The reason I wanted to point out the still-unfulfilled promise is to encourage us not to become complacent, and to remind us that, although a court ruling can change the law, it can’t guarantee that the goal is actualized in practice. The 60th anniversary of Brown is a time for celebration, but even more than that, it’s a time for reflection and renewed strategic thinking.
As Sherrilyn Ifill, president and director-counsel of the NAACP Legal Defense and Educational Fund, points out, “we know that the challenges confronting America in its education system were not created by Brown. To the contrary, it was the decades-long, relentless, expensive, short-sighted and sometimes violent resistance to Brown that first derailed what could have been a peaceful and efficient transformation to an integrated public education system that might have become the best in the world.”

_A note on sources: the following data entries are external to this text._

text \<open>The neighbour of a leg vertex towards the centre lies in \<open>R - S\<close>, while the next vertex
  beyond a leaf lies on a path, hence in \<open>L\<close>: so the two neighbours found are distinct.\<close>
lemma leg_vertex_two_neighbours:
  assumes "Q \<subseteq> \<Sigma>" and cQ: "(c, legs) \<in> Q" and l: "l \<in> set legs"
    and used: "last l \<in> used_leaves Q" and j: "j < length l"
  shows "two_neighbours_in E (lifted Q) (l ! j)"
proof -
  have star: "(c, legs) \<in> \<Sigma>" using assms(1) cQ by blast
  have lQ: "set l \<subseteq> lifted Q" using leg_subset_lifted[OF cQ l used] .
  define u where "u = (c # l) ! j"
  have uQ: "u \<in> lifted Q"
    using center_in_lifted[OF cQ] lQ j unfolding u_def by (cases j) auto
  have Eu: "E (l ! j) u" using E_sym[OF edge_along_leg[OF star l j]] unfolding u_def .
  have "star_verts c legs \<subseteq> R" using verts_subset_R[OF star] by simp
  then have "u \<in> R" using leg_pred_in_verts[OF star l j] unfolding u_def by (rule subsetD)
  moreover have "u \<notin> S" using leg_pred_notin_S[OF star l j] unfolding u_def .
  ultimately have uRS: "u \<in> R - S" by blast
  show ?thesis
  proof (cases "Suc j < length l")
    case True
    have "(c # l) ! j \<noteq> (c # l) ! Suc (Suc j)"
      using distinct_center_leg[OF star l] True by (subst nth_eq_iff_index_eq) auto
    then have "u \<noteq> l ! Suc j" unfolding u_def by simp
    moreover have "E (l ! j) (l ! Suc j)" using edge_along_leg[OF star l True] by simp
    ultimately show ?thesis using uQ Eu lQ True by (meson nth_mem subsetD)
  next
    case False
    then have "j = length l - 1" "l \<noteq> []" using j by auto
    then have "l ! j = last l" by (simp add: last_conv_nth)
    moreover obtain w where "w \<in> lifted Q" "w \<in> L" "E (last l) w"
      using used_leaf_path_neighbour[OF used] by blast
    moreover have "u \<noteq> w" using uRS \<open>w \<in> L\<close> S_eq by blast
    ultimately show ?thesis using uQ Eu by metis
  qed
qed

lemma used_leaf_two_neighbours:
  assumes "Q \<subseteq> \<Sigma>" and "s \<in> used_leaves Q"
  shows "two_neighbours_in E (lifted Q) s"
proof -
  obtain l where l: "l \<in> set (snd (star_of_leaf s))" and s: "last l = s"
    using used_leaf_leg[OF assms(2)] by blast
  have star: "(fst (star_of_leaf s), snd (star_of_leaf s)) \<in> Q"
    using used_leaf_star[OF assms(2)] by simp
  have "l \<noteq> []" using leg_nonempty[of "fst (star_of_leaf s)" "snd (star_of_leaf s)" l] l star assms(1)
    by blast
  then show ?thesis
    using leg_vertex_two_neighbours[OF assms(1) star l, of "length l - 1"] s assms(2)
    by (simp add: last_conv_nth)
qed

lemma center_two_neighbours:
  assumes Q: "Q \<subseteq> \<Sigma>" and cQ: "(c, legs) \<in> Q" and deg: "2 \<le> contracted.mdegree_in Q (c, legs)"
  shows "two_neighbours_in E (lifted Q) c"
proof -
  have star: "(c, legs) \<in> \<Sigma>" using Q cQ by blast
  let ?A = "{p\<in>P. start_star p = (c, legs) \<and> end_star p \<in> Q}"
    and ?B = "{p\<in>P. end_star p = (c, legs) \<and> start_star p \<in> Q}"
  let ?U = "{s \<in> used_leaves Q. star_of_leaf s = (c, legs)}"
  have "hd p \<in> ?U" if "p \<in> ?A" for p
  proof -
    have "p \<in> paths_within Q" using that cQ unfolding paths_within_def by auto
    then show ?thesis using that unfolding used_leaves_def start_star_def by auto
  qed
  moreover have "last p \<in> ?U" if "p \<in> ?B" for p
  proof -
    have "p \<in> paths_within Q" using that cQ unfolding paths_within_def by auto
    then show ?thesis using that unfolding used_leaves_def end_star_def by auto
  qed
  ultimately have "hd ` ?A \<union> last ` ?B \<subseteq> ?U" by blast
  moreover have "finite ?U"
    using finite_paths unfolding used_leaves_def paths_within_def by simp
  ultimately have "card (hd ` ?A \<union> last ` ?B) \<le> card ?U" by (rule card_mono[rotated])
  then have "card ?A + card ?B \<le> card ?U"
    using card_hd_last_images[of ?A ?B] finite_paths by simp
  then have "\<not> card ?U \<le> Suc 0" using deg unfolding contracted.mdegree_in_def by simp
  then obtain s1 s2 where s: "s1 \<in> ?U" "s2 \<in> ?U" "s1 \<noteq> s2"
    using card_le_Suc0_iff_eq[OF \<open>finite ?U\<close>] by blast
  obtain l1 l2 where l: "l1 \<in> set legs" "l2 \<in> set legs" and "last l1 = s1" "last l2 = s2"
    and "set l1 \<subseteq> lifted Q" "set l2 \<subseteq> lifted Q"
    using used_leaf_leg[of s1 Q] used_leaf_leg[of s2 Q] s by auto
  moreover have "hd l1 \<noteq> hd l2" using inj_on_hd_legs[OF star] l s \<open>last l1 = s1\<close> \<open>last l2 = s2\<close>
    by (metis inj_onD)
  ultimately show ?thesis
    using edge_center_hd[OF star] leg_nonempty[OF star] by (metis hd_in_set subsetD)
qed

lemma path_vertex_two_neighbours:
  assumes Q: "Q \<subseteq> \<Sigma>" and p: "p \<in> paths_within Q" and j: "j < length p"
  shows "two_neighbours_in E (lifted Q) (p ! j)"
proof -
  have pP: "p \<in> P" using p unfolding paths_within_def by blast
  have ends: "hd p \<in> used_leaves Q" "last p \<in> used_leaves Q"
    using p unfolding used_leaves_def by blast+
  consider "j = 0" | "j = length p - 1" | "0 < j" "Suc j < length p" using j by linarith
  then show ?thesis
  proof cases
    case 1
    then show ?thesis using used_leaf_two_neighbours[OF Q ends(1)] path_nonempty[OF pP]
      by (simp add: hd_conv_nth)
  next
    case 2
    then show ?thesis using used_leaf_two_neighbours[OF Q ends(2)] path_nonempty[OF pP]
      by (simp add: last_conv_nth)
  next
    case 3
    have "E (p ! j) (p ! (j - 1))" "E (p ! j) (p ! Suc j)" using path_edge_iff[OF pP] 3 by auto
    moreover have "p ! (j - 1) \<noteq> p ! Suc j" using path_distinct[OF pP] 3 by (simp add: nth_eq_iff_index_eq)
    moreover have "p ! (j - 1) \<in> lifted Q" "p ! Suc j \<in> lifted Q"
      using path_subset_lifted[OF p] 3 by auto
    ultimately show ?thesis by blast
  qed
qed

lemma lifted_min_degree_two:
  assumes Q: "Q \<subseteq> \<Sigma>" and deg: "\<forall>\<sigma>\<in>Q. 2 \<le> contracted.mdegree_in Q \<sigma>" and v: "v \<in> lifted Q"
  shows "two_neighbours_in E (lifted Q) v"
proof -
  consider (center) \<sigma> where "\<sigma> \<in> Q" "v = fst \<sigma>"
    | (leg) \<sigma> l where "\<sigma> \<in> Q" "l \<in> set (snd \<sigma>)" "last l \<in> used_leaves Q" "v \<in> set l"
    | (path) p where "p \<in> paths_within Q" "v \<in> set p"
    using v unfolding lifted_def by blast
  then show ?thesis
  proof cases
    case center
    then show ?thesis using center_two_neighbours[OF Q, of "fst \<sigma>" "snd \<sigma>"] deg by simp
  next
    case leg
    then show ?thesis
      using leg_vertex_two_neighbours[OF Q, of "fst \<sigma>" "snd \<sigma>" l] by (auto simp: in_set_conv_nth)
  next
    case path
    then show ?thesis using path_vertex_two_neighbours[OF Q] by (auto simp: in_set_conv_nth)
  qed
qed

lemma lifted_subset_V: "Q \<subseteq> \<Sigma> \<Longrightarrow> lifted Q \<subseteq> V"
  unfolding lifted_def paths_within_def
  using verts_subset_R center_in_star_verts leg_subset_star_verts path_subset_L V_eq
  by fastforce

lemma lifted_has_cycle:
  assumes "Q \<subseteq> \<Sigma>" and "Q \<noteq> {}" and "\<forall>\<sigma>\<in>Q. 2 \<le> contracted.mdegree_in Q \<sigma>"
  shows "\<exists>C \<subseteq> lifted Q. is_cycle E C"
proof (rule min_degree_two_has_cycle)
  show "finite (lifted Q)" using lifted_subset_V[OF assms(1)] finite_V finite_subset by blast
  show "lifted Q \<noteq> {}" using assms(2) unfolding lifted_def by blast
qed (use E_irrefl lifted_min_degree_two[OF assms(1,3)] in auto)

text \<open>Lifts of disjoint sets of stars are disjoint and have no edges between them: every vertex
  and every edge of \<open>H\<close> belongs to a single star or a single path, and the lift of \<open>Q\<close> meets a
  star or path only if it belongs to \<open>Q\<close> or runs within \<open>Q\<close>.\<close>
lemma star_meeting_lifted:
  assumes Q: "Q \<subseteq> \<Sigma>" and x: "x \<in> lifted Q" and \<sigma>: "\<sigma> \<in> \<Sigma>" "x \<in> verts \<sigma>"
  shows "\<sigma> \<in> Q"
proof -
  consider (center) \<tau> where "\<tau> \<in> Q" "x = fst \<tau>"
    | (leg) \<tau> l where "\<tau> \<in> Q" "l \<in> set (snd \<tau>)" "x \<in> set l"
    | (path) p where "p \<in> paths_within Q" "x \<in> set p"
    using x unfolding lifted_def by blast
  then show ?thesis
  proof cases
    case center
    then have "\<tau> \<in> \<Sigma>" "x \<in> verts \<tau>" using Q center_in_star_verts by auto
    then show ?thesis using star_unique[OF \<sigma>(1) _ \<sigma>(2)] center(1) by blast
  next
    case leg
    then have "\<tau> \<in> \<Sigma>" "x \<in> verts \<tau>" using Q leg_subset_star_verts[of l "snd \<tau>" "fst \<tau>"] by auto
    then show ?thesis using star_unique[OF \<sigma>(1) _ \<sigma>(2)] leg(1) by blast
  next
    case path
    then have p: "p \<in> P" "start_star p \<in> Q" "end_star p \<in> Q" unfolding paths_within_def by auto
    have "x \<in> S" using path_subset_L[OF p(1)] path(2) verts_subset_R[OF \<sigma>(1)] \<sigma>(2) S_eq by blast
    then have "star_of_leaf x = \<sigma>" using star_of_leaf_eq[OF \<sigma>] by blast
    moreover have "x = hd p \<or> x = last p" using path_meets_S[OF p(1) path(2) \<open>x \<in> S\<close>] .
    ultimately show ?thesis using p unfolding start_star_def end_star_def by auto
  qed
qed

lemma path_meeting_lifted:
  assumes Q: "Q \<subseteq> \<Sigma>" and x: "x \<in> lifted Q" and p: "p \<in> P" "x \<in> set p"
  shows "p \<in> paths_within Q"
proof -
  have xL: "x \<in> L" using path_subset_L[OF p(1)] p(2) by blast
  consider (center) \<tau> where "\<tau> \<in> Q" "x = fst \<tau>"
    | (leg) \<tau> l where "\<tau> \<in> Q" "l \<in> set (snd \<tau>)" "last l \<in> used_leaves Q" "x \<in> set l"
    | (path) q where "q \<in> paths_within Q" "x \<in> set q"
    using x unfolding lifted_def by blast
  then show ?thesis
  proof cases
    case center
    then have "x \<in> S"
      using xL verts_subset_R[of \<tau>] Q center_in_star_verts[of "fst \<tau>" "snd \<tau>"] S_eq by blast
    then show ?thesis using center_notin_S[of "fst \<tau>" "snd \<tau>"] center Q by auto
  next
    case leg
    have star: "(fst \<tau>, snd \<tau>) \<in> \<Sigma>" using leg(1) Q by auto
    have "x \<in> S"
      using xL verts_subset_R[of \<tau>] leg Q leg_subset_star_verts[of l "snd \<tau>" "fst \<tau>"] S_eq by blast
    then have "x \<in> used_leaves Q" using leaf_is_last[OF star leg(2,4)] leg(3) by simp
    then obtain q where q: "q \<in> paths_within Q" "x = hd q \<or> x = last q"
      unfolding used_leaves_def by blast
    have "q \<in> P" using q(1) unfolding paths_within_def by blast
    then have "q = p" using path_unique p q(2) path_nonempty by (metis hd_in_set last_in_set)
    then show ?thesis using q(1) by simp
  next
    case path
    have "q \<in> P" using path(1) unfolding paths_within_def by blast
    then have "q = p" using path_unique p path(2) by blast
    then show ?thesis using path(1) by simp
  qed
qed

And the same resistance still exists today, in a different — and more insidious — form. Not long after George W. Bush’s nominees remade the Supreme Court, they struck down two race-conscious plans seeking to integrate public schools—with Chief Justice John Roberts simplistically claiming that “the way to stop discrimination on the basis of race is to stop discriminating on the basis of race.” Six years later, Roberts tore the heart out of the Voting Rights Act. Just last month, the Supreme Court dealt another blow to the civil rights movement when they upheld Michigan’s ban on affirmative action policies, clearing the way for more states, through legislation or voter initiatives, to prohibit affirmative action. California and Washington state have already enacted education-related affirmative actions bans, and other states — including Arizona, Nebraska, Florida, and Oklahoma — have approved similar bans.

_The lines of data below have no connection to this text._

text \<open>\<open>sign_avg m f\<close> is the expectation of \<open>f e\<close> for a uniformly random sign vector \<open>e\<close>:
  the \<open>e i\<close> for \<open>i < m\<close> are independent and uniform on \<open>{1, -1}\<close>, and \<open>e i = 0\<close> for \<open>i \<ge> m\<close>.
  \<open>sign_matrix_avg m l f\<close> is the expectation over random \<open>l \<times> m\<close> sign matrices, given as
  sequences of rows.\<close>

primrec sign_avg :: "nat \<Rightarrow> ((nat \<Rightarrow> real) \<Rightarrow> real) \<Rightarrow> real" where
  "sign_avg 0 f = f (\<lambda>_. 0)"
| "sign_avg (Suc m) f = (sign_avg m (\<lambda>e. f (e(m := 1))) + sign_avg m (\<lambda>e. f (e(m := -1)))) / 2"

primrec sign_matrix_avg :: "nat \<Rightarrow> nat \<Rightarrow> ((nat \<Rightarrow> nat \<Rightarrow> real) \<Rightarrow> real) \<Rightarrow> real" where
  "sign_matrix_avg m 0 f = f (\<lambda>_ _. 0)"
| "sign_matrix_avg m (Suc l) f = sign_avg m (\<lambda>e. sign_matrix_avg m l (\<lambda>G. f (G(l := e))))"

lemma sign_avg_add: "sign_avg m (\<lambda>e. f e + g e) = sign_avg m f + sign_avg m g"
  by (induction m arbitrary: f g) (simp_all add: field_simps)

These are dangerous trends, and they reflect a common sentiment in America — namely, that racism is a “thing of the past.” But the problem with the “past is the past” argument is that the past creates the present. You can’t understand America’s racial inequality without understanding how we built it. As a result of a 400-year commitment to forcing one group of people to be subjugated by another, Black children are less likely to get a good education at their inner city schools, Black families have far less wealth than Whites, and most major corporations and universities are controlled by Whites. The list goes on and on. So, to argue that the past doesn’t matter is to ignore everything that made us, as a society, into what we are today.
A robust federal government was the only thing strong enough to break the back of Jim Crow. Especially given the history of racially regressive rulings in the Roberts Court, it may once again be the only thing that can stop the latest iteration of these old prejudices.